Stored items:
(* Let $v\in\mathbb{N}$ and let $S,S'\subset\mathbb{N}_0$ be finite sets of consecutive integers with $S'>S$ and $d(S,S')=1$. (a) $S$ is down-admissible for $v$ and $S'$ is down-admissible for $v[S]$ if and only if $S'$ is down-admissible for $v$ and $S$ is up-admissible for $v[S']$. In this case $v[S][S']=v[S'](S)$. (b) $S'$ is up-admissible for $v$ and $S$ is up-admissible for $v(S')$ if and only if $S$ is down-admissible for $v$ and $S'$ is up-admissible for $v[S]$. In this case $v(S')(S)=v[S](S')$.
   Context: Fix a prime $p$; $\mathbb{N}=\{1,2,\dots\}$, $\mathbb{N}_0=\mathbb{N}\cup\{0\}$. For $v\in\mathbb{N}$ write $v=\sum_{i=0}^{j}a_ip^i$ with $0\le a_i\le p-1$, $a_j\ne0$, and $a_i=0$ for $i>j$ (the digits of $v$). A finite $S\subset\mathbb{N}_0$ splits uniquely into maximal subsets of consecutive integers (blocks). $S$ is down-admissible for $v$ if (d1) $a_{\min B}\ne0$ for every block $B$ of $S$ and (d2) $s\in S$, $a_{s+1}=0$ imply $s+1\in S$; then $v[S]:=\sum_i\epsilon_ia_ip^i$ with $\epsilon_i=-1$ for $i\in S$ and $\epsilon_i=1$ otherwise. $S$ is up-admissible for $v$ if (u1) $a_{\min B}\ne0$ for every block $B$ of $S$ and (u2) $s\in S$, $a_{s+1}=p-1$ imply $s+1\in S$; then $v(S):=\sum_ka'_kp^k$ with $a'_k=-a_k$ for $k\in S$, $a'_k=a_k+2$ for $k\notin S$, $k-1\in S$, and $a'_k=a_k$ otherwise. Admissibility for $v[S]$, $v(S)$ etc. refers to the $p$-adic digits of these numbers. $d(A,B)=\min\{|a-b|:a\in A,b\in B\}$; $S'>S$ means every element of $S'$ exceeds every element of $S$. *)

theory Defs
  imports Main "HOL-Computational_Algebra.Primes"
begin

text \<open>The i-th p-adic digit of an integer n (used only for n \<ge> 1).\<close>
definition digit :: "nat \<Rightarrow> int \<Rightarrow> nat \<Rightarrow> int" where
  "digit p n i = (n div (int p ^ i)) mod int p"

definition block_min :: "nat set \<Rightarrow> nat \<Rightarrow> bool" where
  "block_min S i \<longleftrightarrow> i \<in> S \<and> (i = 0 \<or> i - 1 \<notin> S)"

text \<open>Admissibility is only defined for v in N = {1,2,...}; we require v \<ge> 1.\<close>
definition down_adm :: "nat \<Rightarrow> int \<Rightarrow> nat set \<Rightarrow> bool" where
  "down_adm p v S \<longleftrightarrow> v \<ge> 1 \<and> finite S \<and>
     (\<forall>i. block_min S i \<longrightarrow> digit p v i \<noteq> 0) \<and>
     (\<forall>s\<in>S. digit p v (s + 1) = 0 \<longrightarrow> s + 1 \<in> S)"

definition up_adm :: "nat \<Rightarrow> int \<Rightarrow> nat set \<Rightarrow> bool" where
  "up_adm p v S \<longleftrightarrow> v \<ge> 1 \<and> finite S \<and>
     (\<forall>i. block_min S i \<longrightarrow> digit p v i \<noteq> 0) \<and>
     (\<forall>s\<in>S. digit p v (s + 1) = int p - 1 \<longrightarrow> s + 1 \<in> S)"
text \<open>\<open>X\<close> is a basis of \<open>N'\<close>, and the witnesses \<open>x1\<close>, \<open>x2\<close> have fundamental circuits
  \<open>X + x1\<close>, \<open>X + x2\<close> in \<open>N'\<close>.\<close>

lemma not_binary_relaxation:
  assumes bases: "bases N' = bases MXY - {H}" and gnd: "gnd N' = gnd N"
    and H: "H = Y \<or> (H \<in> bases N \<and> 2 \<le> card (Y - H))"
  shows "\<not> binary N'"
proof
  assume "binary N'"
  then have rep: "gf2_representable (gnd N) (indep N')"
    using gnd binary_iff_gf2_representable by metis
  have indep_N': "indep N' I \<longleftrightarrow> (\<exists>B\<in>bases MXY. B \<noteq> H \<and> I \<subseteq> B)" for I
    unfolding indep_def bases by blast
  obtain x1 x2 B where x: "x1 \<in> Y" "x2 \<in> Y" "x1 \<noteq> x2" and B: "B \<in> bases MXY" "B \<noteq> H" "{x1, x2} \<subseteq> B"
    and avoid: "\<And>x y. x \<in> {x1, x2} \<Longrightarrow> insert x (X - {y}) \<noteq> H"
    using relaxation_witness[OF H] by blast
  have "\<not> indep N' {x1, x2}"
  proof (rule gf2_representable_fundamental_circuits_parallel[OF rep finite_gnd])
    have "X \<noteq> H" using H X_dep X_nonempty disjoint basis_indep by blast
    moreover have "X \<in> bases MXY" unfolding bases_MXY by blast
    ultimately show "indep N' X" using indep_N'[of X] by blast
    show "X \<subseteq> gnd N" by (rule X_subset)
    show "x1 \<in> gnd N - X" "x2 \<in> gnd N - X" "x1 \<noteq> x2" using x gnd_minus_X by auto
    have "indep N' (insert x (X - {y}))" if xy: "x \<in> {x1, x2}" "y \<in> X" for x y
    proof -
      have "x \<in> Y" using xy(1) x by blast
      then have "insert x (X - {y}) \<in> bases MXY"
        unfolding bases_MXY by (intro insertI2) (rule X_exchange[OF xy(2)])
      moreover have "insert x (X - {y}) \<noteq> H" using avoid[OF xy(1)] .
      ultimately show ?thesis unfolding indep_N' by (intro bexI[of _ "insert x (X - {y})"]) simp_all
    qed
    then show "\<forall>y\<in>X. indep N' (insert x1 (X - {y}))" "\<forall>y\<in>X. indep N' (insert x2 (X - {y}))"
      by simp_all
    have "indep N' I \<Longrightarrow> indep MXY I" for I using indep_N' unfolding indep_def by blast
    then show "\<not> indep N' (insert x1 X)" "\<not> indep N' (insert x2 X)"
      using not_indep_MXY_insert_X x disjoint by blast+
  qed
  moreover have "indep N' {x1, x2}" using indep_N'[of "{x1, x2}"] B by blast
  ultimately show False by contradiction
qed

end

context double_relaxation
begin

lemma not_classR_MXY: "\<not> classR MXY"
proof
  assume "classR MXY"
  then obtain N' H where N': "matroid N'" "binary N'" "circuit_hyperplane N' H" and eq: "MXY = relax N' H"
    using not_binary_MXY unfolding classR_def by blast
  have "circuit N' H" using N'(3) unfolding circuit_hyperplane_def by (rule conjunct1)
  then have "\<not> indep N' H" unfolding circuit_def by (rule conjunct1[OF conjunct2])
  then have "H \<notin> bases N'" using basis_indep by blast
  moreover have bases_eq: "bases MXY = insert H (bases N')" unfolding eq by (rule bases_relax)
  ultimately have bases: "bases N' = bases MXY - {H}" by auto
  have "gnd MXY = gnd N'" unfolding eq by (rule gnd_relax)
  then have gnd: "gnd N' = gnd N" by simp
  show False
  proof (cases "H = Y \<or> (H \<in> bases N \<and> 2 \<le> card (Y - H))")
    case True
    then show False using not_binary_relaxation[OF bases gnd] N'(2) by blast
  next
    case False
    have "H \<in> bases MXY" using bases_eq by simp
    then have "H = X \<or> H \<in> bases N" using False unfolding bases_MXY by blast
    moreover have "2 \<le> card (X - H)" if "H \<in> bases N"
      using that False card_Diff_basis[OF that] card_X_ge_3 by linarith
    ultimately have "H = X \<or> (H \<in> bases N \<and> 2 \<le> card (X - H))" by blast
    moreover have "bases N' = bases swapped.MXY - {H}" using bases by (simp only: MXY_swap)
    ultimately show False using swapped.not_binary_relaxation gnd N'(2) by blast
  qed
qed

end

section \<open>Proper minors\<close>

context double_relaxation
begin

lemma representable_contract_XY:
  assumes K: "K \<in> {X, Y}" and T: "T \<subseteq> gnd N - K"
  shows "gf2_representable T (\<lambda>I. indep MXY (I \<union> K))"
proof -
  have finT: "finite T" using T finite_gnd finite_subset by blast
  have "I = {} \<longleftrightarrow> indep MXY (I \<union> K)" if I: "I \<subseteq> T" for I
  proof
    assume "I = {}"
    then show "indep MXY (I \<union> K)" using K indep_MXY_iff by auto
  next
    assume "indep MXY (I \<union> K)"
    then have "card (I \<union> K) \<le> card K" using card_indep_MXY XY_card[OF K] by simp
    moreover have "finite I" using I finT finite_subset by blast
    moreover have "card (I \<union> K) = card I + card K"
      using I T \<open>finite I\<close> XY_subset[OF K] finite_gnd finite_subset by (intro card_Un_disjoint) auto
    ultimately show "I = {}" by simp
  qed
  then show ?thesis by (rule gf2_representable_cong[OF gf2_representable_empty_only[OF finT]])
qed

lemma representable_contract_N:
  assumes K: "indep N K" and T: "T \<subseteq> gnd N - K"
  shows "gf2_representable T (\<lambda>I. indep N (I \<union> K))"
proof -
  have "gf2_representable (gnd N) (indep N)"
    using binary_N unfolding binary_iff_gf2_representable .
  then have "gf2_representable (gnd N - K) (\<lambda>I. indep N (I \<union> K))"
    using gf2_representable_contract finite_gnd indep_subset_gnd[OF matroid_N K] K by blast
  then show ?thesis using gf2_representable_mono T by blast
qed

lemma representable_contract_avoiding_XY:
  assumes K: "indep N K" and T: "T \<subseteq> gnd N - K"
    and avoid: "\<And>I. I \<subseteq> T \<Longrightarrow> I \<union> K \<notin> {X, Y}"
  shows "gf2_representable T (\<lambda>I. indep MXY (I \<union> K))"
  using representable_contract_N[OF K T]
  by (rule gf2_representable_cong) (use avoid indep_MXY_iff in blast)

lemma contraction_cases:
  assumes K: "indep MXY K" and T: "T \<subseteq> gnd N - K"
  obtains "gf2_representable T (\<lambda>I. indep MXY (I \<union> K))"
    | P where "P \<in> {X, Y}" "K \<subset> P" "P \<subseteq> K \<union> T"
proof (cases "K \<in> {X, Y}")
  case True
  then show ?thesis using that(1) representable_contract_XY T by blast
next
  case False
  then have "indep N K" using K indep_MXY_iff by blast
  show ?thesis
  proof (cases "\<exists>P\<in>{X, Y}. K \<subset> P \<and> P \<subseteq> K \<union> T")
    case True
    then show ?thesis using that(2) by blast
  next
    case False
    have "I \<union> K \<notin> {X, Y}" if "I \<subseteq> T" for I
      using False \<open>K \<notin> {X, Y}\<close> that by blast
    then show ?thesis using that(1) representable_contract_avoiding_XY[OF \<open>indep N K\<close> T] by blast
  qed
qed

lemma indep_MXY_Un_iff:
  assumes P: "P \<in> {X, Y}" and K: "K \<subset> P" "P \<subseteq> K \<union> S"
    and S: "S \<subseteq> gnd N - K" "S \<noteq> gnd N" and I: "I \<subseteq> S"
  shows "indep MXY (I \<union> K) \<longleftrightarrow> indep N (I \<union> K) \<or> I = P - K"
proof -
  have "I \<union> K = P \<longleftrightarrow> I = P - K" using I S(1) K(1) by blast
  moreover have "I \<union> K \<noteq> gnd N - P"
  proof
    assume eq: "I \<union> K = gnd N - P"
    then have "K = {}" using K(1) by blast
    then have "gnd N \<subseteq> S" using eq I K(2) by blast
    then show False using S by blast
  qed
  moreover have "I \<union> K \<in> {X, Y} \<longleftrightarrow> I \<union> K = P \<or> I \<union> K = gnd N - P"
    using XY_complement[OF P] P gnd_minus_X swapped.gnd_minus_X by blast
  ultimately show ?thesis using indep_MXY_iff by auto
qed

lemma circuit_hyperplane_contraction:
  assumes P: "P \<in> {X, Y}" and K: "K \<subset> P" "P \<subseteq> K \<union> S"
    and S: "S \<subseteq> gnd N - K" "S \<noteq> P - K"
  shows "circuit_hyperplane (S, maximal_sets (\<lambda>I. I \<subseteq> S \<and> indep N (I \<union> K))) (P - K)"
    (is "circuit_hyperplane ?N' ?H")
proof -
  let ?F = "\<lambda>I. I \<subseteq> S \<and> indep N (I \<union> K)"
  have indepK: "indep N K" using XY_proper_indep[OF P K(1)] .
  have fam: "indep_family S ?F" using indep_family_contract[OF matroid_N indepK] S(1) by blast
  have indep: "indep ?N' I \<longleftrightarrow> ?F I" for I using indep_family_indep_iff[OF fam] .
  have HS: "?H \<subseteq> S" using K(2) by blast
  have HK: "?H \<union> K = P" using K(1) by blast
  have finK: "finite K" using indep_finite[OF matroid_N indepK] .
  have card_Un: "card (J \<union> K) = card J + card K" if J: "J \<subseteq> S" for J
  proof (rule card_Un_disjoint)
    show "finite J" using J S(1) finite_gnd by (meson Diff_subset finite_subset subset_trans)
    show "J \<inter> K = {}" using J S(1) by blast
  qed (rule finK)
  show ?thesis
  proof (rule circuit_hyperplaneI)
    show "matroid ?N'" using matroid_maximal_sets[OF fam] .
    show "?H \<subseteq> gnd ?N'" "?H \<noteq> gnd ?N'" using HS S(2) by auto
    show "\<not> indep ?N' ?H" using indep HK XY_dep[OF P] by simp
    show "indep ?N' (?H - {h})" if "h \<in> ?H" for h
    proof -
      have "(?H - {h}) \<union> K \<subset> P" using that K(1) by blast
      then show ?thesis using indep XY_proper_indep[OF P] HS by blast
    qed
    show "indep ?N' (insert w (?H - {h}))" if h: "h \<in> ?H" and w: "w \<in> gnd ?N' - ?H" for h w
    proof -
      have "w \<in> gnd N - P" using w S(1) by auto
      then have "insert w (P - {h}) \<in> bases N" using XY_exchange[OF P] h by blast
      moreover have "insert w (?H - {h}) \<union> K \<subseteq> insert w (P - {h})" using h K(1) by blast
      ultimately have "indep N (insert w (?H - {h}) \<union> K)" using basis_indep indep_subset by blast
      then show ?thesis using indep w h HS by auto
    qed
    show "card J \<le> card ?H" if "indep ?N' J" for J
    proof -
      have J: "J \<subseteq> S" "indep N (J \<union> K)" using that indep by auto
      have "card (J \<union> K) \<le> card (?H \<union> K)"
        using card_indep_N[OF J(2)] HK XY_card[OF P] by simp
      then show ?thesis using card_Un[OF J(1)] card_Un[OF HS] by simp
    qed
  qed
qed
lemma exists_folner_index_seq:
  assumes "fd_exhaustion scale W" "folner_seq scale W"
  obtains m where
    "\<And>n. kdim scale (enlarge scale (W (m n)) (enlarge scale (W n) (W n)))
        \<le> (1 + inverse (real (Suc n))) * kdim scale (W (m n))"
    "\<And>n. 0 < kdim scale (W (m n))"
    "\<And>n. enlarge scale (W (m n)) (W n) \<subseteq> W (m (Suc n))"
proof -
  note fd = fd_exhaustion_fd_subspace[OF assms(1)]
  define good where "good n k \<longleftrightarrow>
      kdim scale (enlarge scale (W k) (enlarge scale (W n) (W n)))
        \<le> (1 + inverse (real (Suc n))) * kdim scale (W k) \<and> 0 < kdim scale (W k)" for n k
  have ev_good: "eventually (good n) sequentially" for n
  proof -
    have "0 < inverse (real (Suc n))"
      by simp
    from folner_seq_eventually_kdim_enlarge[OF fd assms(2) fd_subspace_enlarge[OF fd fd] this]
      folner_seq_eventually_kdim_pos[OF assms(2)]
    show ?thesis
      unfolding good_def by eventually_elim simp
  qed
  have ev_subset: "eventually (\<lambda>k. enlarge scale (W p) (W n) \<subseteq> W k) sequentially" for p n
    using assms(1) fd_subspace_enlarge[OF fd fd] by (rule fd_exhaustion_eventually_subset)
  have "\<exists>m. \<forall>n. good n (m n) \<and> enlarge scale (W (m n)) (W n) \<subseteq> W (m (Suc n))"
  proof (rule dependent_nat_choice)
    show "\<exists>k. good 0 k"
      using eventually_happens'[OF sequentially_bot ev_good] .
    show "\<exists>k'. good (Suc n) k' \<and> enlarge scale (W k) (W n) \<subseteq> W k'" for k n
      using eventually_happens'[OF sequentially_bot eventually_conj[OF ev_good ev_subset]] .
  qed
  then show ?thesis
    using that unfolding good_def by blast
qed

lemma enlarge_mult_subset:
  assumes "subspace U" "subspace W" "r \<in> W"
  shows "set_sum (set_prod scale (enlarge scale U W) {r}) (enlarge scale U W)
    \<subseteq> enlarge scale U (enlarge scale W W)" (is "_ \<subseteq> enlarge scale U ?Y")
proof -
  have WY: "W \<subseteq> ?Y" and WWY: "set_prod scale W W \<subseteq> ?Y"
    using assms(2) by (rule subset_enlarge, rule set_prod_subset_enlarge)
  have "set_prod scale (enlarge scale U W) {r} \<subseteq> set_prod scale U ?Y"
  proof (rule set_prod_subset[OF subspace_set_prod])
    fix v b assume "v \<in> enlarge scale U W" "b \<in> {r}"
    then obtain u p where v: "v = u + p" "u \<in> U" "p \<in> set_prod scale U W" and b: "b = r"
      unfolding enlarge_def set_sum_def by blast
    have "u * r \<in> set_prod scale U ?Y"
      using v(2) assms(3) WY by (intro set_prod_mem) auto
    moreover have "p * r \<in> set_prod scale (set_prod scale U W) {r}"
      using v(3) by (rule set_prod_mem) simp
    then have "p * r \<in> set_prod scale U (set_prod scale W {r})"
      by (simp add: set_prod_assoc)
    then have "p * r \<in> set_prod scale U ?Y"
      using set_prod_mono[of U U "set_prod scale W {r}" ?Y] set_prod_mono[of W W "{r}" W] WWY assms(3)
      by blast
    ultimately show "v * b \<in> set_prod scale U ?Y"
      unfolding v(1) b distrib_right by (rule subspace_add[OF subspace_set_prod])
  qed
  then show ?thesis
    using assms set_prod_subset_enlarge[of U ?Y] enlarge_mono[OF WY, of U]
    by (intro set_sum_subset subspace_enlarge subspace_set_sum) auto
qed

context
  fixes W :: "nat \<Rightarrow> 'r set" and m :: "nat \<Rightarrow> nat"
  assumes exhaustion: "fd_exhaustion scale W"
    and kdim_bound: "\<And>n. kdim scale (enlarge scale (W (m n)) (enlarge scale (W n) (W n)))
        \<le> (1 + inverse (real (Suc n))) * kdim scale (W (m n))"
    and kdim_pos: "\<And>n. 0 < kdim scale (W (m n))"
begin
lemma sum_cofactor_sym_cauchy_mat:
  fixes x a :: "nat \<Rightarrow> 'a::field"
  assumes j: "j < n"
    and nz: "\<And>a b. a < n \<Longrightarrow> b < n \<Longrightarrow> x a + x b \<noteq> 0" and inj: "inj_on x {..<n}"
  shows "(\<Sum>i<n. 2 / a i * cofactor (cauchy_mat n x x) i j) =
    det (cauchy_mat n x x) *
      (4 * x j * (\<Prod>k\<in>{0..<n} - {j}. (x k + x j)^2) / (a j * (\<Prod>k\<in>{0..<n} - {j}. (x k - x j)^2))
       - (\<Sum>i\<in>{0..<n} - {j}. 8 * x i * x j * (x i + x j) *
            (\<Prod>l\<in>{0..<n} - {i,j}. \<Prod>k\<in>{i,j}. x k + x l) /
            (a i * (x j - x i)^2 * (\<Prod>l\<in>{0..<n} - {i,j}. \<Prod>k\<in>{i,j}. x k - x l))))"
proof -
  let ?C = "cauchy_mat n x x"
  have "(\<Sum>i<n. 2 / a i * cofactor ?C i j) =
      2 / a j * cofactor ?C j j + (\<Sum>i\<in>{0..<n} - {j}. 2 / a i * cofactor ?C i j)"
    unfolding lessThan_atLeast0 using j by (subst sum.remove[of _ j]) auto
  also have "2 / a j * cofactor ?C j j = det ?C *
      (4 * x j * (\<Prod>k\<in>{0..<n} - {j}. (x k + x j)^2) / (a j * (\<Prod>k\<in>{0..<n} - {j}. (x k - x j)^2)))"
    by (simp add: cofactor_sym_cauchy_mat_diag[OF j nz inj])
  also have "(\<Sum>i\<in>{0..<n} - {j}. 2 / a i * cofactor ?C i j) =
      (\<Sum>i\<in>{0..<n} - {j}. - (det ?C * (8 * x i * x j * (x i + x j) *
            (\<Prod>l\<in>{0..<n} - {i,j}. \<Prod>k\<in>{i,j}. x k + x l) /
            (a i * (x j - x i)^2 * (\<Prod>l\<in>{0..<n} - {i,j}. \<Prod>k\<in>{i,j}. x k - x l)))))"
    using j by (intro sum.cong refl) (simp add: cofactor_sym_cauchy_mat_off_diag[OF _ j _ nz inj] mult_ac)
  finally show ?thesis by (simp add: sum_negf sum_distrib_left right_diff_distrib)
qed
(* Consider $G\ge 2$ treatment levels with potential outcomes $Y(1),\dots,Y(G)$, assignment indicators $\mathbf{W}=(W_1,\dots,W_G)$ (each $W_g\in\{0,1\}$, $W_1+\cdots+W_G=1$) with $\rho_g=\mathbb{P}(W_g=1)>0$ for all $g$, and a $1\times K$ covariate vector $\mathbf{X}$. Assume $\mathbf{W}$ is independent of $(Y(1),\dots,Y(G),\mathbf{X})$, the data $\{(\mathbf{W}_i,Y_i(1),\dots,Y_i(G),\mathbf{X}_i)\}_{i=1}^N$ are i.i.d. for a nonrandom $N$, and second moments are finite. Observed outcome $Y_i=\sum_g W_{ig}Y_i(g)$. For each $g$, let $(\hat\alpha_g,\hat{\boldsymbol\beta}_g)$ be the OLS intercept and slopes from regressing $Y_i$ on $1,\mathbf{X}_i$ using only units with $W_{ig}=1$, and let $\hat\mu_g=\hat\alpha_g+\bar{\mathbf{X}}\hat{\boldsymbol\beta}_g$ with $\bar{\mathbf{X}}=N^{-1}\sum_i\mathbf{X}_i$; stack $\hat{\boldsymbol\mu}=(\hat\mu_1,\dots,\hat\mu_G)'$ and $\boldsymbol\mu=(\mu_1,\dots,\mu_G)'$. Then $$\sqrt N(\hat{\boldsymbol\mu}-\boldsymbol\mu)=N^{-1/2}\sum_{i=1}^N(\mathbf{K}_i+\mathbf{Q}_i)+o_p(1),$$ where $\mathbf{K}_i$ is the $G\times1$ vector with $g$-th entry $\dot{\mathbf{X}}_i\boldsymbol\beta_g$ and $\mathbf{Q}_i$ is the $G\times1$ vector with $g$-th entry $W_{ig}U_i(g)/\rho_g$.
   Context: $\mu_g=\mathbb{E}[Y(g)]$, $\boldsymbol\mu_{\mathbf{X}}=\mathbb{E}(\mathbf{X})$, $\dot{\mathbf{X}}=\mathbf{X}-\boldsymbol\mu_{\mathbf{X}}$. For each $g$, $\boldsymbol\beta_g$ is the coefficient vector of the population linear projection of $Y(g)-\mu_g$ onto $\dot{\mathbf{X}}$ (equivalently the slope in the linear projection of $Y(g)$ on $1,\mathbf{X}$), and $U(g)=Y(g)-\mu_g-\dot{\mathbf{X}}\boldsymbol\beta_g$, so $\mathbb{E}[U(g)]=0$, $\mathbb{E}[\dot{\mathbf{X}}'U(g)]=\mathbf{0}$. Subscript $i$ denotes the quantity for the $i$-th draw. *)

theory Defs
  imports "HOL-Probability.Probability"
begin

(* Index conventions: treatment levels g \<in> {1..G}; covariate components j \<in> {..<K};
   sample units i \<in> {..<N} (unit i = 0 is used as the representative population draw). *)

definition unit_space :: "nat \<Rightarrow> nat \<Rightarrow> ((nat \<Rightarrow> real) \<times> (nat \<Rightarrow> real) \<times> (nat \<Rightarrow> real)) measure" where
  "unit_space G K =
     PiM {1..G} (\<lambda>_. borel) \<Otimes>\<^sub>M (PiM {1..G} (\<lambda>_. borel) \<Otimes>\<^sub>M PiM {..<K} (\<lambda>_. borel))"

Aim of the exercise: Print the lines above from the one with "using assms(1) fd_subspace_enlarge[OF" through the one with "(set_prod scale (enlarge", both included, exactly as written and nothing more.

Solution:
    using assms(1) fd_subspace_enlarge[OF fd fd] by (rule fd_exhaustion_eventually_subset)
  have "\<exists>m. \<forall>n. good n (m n) \<and> enlarge scale (W (m n)) (W n) \<subseteq> W (m (Suc n))"
  proof (rule dependent_nat_choice)
    show "\<exists>k. good 0 k"
      using eventually_happens'[OF sequentially_bot ev_good] .
    show "\<exists>k'. good (Suc n) k' \<and> enlarge scale (W k) (W n) \<subseteq> W k'" for k n
      using eventually_happens'[OF sequentially_bot eventually_conj[OF ev_good ev_subset]] .
  qed
  then show ?thesis
    using that unfolding good_def by blast
qed

lemma enlarge_mult_subset:
  assumes "subspace U" "subspace W" "r \<in> W"
  shows "set_sum (set_prod scale (enlarge scale U W) {r}) (enlarge scale U W)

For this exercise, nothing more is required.